Task data.

lemma convex_cone_sum:
  assumes "convex_cone K" and "\<And>i. i \<in> I \<Longrightarrow> f i \<in> K"
  shows "(\<Sum>i\<in>I. f i) \<in> K"
  using assms(2)
proof (induction I rule: infinite_finite_induct)
  case (insert i I)
  then show ?case using assms(1) by (simp add: convex_cone_add)
qed (use assms(1) convex_cone_contains_0 in auto)

lemma nonneg_orthant_eq_convex_cone_hull_Basis:
  "{x::'a::euclidean_space. \<forall>i\<in>Basis. 0 \<le> x \<bullet> i} = convex_cone hull Basis"
proof
  show "{x::'a. \<forall>i\<in>Basis. 0 \<le> x \<bullet> i} \<subseteq> convex_cone hull Basis"
  proof
    fix x :: 'a assume "x \<in> {x. \<forall>i\<in>Basis. 0 \<le> x \<bullet> i}"
    then have "(\<Sum>i\<in>Basis. (x \<bullet> i) *\<^sub>R i) \<in> convex_cone hull Basis"
      by (intro convex_cone_sum convex_cone_convex_cone_hull convex_cone_scaleR hull_inc) auto
    then show "x \<in> convex_cone hull Basis"
      by (simp add: euclidean_representation)
  qed
  show "convex_cone hull Basis \<subseteq> {x::'a. \<forall>i\<in>Basis. 0 \<le> x \<bullet> i}"
    by (rule hull_minimal) (auto simp: convex_cone_iff inner_Basis inner_add_left)
qed

lemma closed_linear_image_nonneg_orthant:
  fixes f :: "'a::euclidean_space \<Rightarrow> 'b::euclidean_space"
  assumes "linear f"
  shows "closed (f ` {x. \<forall>i\<in>Basis. 0 \<le> x \<bullet> i})"
  unfolding nonneg_orthant_eq_convex_cone_hull_Basis convex_cone_hull_linear_image[OF assms, symmetric]
  by (simp add: closed_convex_cone_hull)
(* Let $\Phi(x,y)=(P(x,y),Q(x,y))$ be a divergence-free jacobian map of degree $n$. Then there exist $\alpha,\beta\in\mathbb{R}$ with $\alpha^2+\beta^2\neq 0$ and $\varepsilon_2,\dots,\varepsilon_n\in\mathbb{R}$ such that $$P(x,y)=x+\sum_{i=2}^n\varepsilon_i\,\alpha(\beta x-\alpha y)^i,\qquad Q(x,y)=y+\sum_{i=2}^n\varepsilon_i\,\beta(\beta x-\alpha y)^i.$$
   Context: A jacobian map is a real polynomial map $\Phi:\mathbb{R}^2\to\mathbb{R}^2$ whose jacobian determinant $\det J_\Phi$ is a non-zero constant. A divergence-free jacobian map is a jacobian map of the form $P(x,y)=x+\sum_{i=2}^n p_i(x,y)$, $Q(x,y)=y+\sum_{i=2}^n q_i(x,y)$, where $p_i,q_i$ are real homogeneous polynomials of degree $i$, such that $\frac{\partial}{\partial x}\sum_{i=2}^n p_i+\frac{\partial}{\partial y}\sum_{i=2}^n q_i=0$ identically. Its degree is the maximal total degree of $P,Q$. *)

theory Defs
  imports "HOL-Analysis.Analysis"
begin

definition hpoly :: "(nat \<Rightarrow> real) \<Rightarrow> nat \<Rightarrow> real \<Rightarrow> real \<Rightarrow> real" where
  "hpoly c i x y = (\<Sum>j=0..i. c j * x ^ j * y ^ (i - j))"

definition nlpart :: "(nat \<Rightarrow> nat \<Rightarrow> real) \<Rightarrow> nat \<Rightarrow> real \<Rightarrow> real \<Rightarrow> real" where
  "nlpart a n x y = (\<Sum>i=2..n. hpoly (a i) i x y)"

definition jac_det :: "(real \<Rightarrow> real \<Rightarrow> real) \<Rightarrow> (real \<Rightarrow> real \<Rightarrow> real) \<Rightarrow> real \<Rightarrow> real \<Rightarrow> real" where
  "jac_det P Q x y =
     deriv (\<lambda>t. P t y) x * deriv (\<lambda>t. Q x t) y - deriv (\<lambda>t. P x t) y * deriv (\<lambda>t. Q t y) x"

end

theory Submission
  imports Defs "HOL-Computational_Algebra.Polynomial"
begin

text \<open>Write \<open>P = x + F\<close> and \<open>Q = y + G\<close>. Since the Jacobian determinant is constant it equals
  its value \<open>1\<close> at the origin; together with \<open>F\<^sub>x + G\<^sub>y = 0\<close> this makes the Jacobian matrix of
  \<open>(F, G)\<close> nilpotent: \<open>G\<^sub>y = -F\<^sub>x\<close> and \<open>F\<^sub>x\<^sup>2 + F\<^sub>y G\<^sub>x = 0\<close>. Then \<open>F\<close> and \<open>G\<close> are first
  integrals of the Hamiltonian field \<open>(F\<^sub>y, -F\<^sub>x)\<close>, and nilpotency makes the integral curves of
  this field straight lines. Two field lines with different directions meet, so unless \<open>F\<close> is
  constant all field lines are parallel to one vector \<open>v\<close>. Hence \<open>F\<close> and \<open>G\<close> are constant
  along \<open>v\<close>, i.e. polynomials in the linear form \<open>v\<^sub>2 x - v\<^sub>1 y\<close>, and the trace condition makes
  \<open>(F, G)\<close> proportional to \<open>v\<close>.

  Bivariate polynomials are encoded as \<open>real poly poly\<close>: the outer variable is \<open>y\<close> and the
  coefficients are polynomials in \<open>x\<close>, so \<open>pderiv\<close> is the partial derivative in \<open>y\<close>.\<close>

definition poly2 :: "real poly poly \<Rightarrow> real \<Rightarrow> real \<Rightarrow> real" where
  "poly2 F x y = poly (poly F [:y:]) x"

definition pderiv_x :: "real poly poly \<Rightarrow> real poly poly" where
  "pderiv_x F = map_poly pderiv F"

definition deriv_along ::
    "real poly poly \<Rightarrow> real poly poly \<Rightarrow> real poly poly \<Rightarrow> real poly poly" where
  "deriv_along K1 K2 F = pderiv_x F * K1 + pderiv F * K2"

text \<open>The derivative of the field along itself is parallel to the field, i.e. its integral
  curves are straight lines.\<close>
definition straight_field :: "real poly poly \<Rightarrow> real poly poly \<Rightarrow> bool" where
  "straight_field K1 K2 \<longleftrightarrow> K1 * deriv_along K1 K2 K2 - K2 * deriv_along K1 K2 K1 = 0"

text \<open>The restriction of \<open>F\<close> to the line \<open>s \<mapsto> (x0 + s d1, y0 + s d2)\<close>.\<close>
definition poly2_line :: "real poly poly \<Rightarrow> real \<Rightarrow> real \<Rightarrow> real \<Rightarrow> real \<Rightarrow> real poly" where
  "poly2_line F x0 y0 d1 d2 = poly (map_poly (\<lambda>c. pcompose c [:x0, d1:]) F) [:y0, d2:]"

lemma poly2_pCons: "poly2 (pCons a F) x y = poly a x + y * poly2 F x y"
  by (simp add: poly2_def)

lemma poly2_add [simp]: "poly2 (F + G) x y = poly2 F x y + poly2 G x y"
  and poly2_diff [simp]: "poly2 (F - G) x y = poly2 F x y - poly2 G x y"
  and poly2_minus [simp]: "poly2 (- F) x y = - poly2 F x y"
  and poly2_mult [simp]: "poly2 (F * G) x y = poly2 F x y * poly2 G x y"
  and poly2_power [simp]: "poly2 (F ^ k) x y = poly2 F x y ^ k"
  and poly2_sum [simp]: "poly2 (\<Sum>i\<in>A. H i) x y = (\<Sum>i\<in>A. poly2 (H i) x y)"
  and poly2_smult [simp]: "poly2 (smult a F) x y = poly a x * poly2 F x y"
  and poly2_const [simp]: "poly2 [:[:c:]:] x y = c"
  and poly2_0 [simp]: "poly2 0 x y = 0"
  and poly2_X [simp]: "poly2 [:[:0, 1:]:] x y = x"
  and poly2_Y [simp]: "poly2 [:0, 1:] x y = y"
  by (simp_all add: poly2_def poly_power poly_sum)

lemma coeff_poly_pCons_const: "coeff (poly F [:y:]) k = poly (map_poly (\<lambda>c. coeff c k) F) y"
  by (induction F) (simp_all add: map_poly_pCons)

lemma poly2_eq_0I:
  assumes "\<And>x y. poly2 F x y = 0"
  shows "F = 0"
proof (rule poly_eqI)
  have "poly F [:y:] = 0" for y
    using assms by (simp add: poly2_def poly_all_0_iff_0[symmetric])
  then have "map_poly (\<lambda>c. coeff c k) F = 0" for k
    by (metis coeff_0 coeff_poly_pCons_const poly_all_0_iff_0)
  then have "coeff (coeff F i) k = 0" for i k
    by (metis coeff_0 coeff_map_poly)
  then show "coeff F i = coeff 0 i" for i
    by (simp add: poly_eq_iff)
qed

lemma poly2_eqI: "(\<And>x y. poly2 F x y = poly2 G x y) \<Longrightarrow> F = G"
  using poly2_eq_0I[of "F - G"] by simp

lemma poly2_line_pCons:
  "poly2_line (pCons a F) x0 y0 d1 d2 = pcompose a [:x0, d1:] + [:y0, d2:] * poly2_line F x0 y0 d1 d2"
  by (simp add: poly2_line_def map_poly_pCons)

lemma poly_poly2_line [simp]:
  "poly (poly2_line F x0 y0 d1 d2) s = poly2 F (x0 + s * d1) (y0 + s * d2)"
  by (induction F)
    (simp_all add: poly2_line_pCons poly2_pCons poly_pcompose algebra_simps, simp add: poly2_line_def)

lemma poly2_line_add [simp]:
    "poly2_line (F + G) x0 y0 d1 d2 = poly2_line F x0 y0 d1 d2 + poly2_line G x0 y0 d1 d2"
  and poly2_line_mult [simp]:
    "poly2_line (F * G) x0 y0 d1 d2 = poly2_line F x0 y0 d1 d2 * poly2_line G x0 y0 d1 d2"
  and poly2_line_diff [simp]:
    "poly2_line (F - G) x0 y0 d1 d2 = poly2_line F x0 y0 d1 d2 - poly2_line G x0 y0 d1 d2"
  and poly2_line_smult [simp]:
    "poly2_line (smult [:c:] F) x0 y0 d1 d2 = smult c (poly2_line F x0 y0 d1 d2)"
  and poly2_line_const [simp]: "poly2_line [:[:c:]:] x0 y0 d1 d2 = [:c:]"
  and poly2_line_0 [simp]: "poly2_line 0 x0 y0 d1 d2 = 0"
  by (simp_all add: poly2_def poly_eq_poly_eq_iff[symmetric] fun_eq_iff)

Task directions. Once the line with "y = (\<Sum>j=0..i." is found in the records above, print exactly that line and every line after it through the line with "text \<open>Write \<open>P".

Output below.
  "hpoly c i x y = (\<Sum>j=0..i. c j * x ^ j * y ^ (i - j))"

definition nlpart :: "(nat \<Rightarrow> nat \<Rightarrow> real) \<Rightarrow> nat \<Rightarrow> real \<Rightarrow> real \<Rightarrow> real" where
  "nlpart a n x y = (\<Sum>i=2..n. hpoly (a i) i x y)"

definition jac_det :: "(real \<Rightarrow> real \<Rightarrow> real) \<Rightarrow> (real \<Rightarrow> real \<Rightarrow> real) \<Rightarrow> real \<Rightarrow> real \<Rightarrow> real" where
  "jac_det P Q x y =
     deriv (\<lambda>t. P t y) x * deriv (\<lambda>t. Q x t) y - deriv (\<lambda>t. P x t) y * deriv (\<lambda>t. Q t y) x"

end

theory Submission
  imports Defs "HOL-Computational_Algebra.Polynomial"
begin

text \<open>Write \<open>P = x + F\<close> and \<open>Q = y + G\<close>. Since the Jacobian determinant is constant it equals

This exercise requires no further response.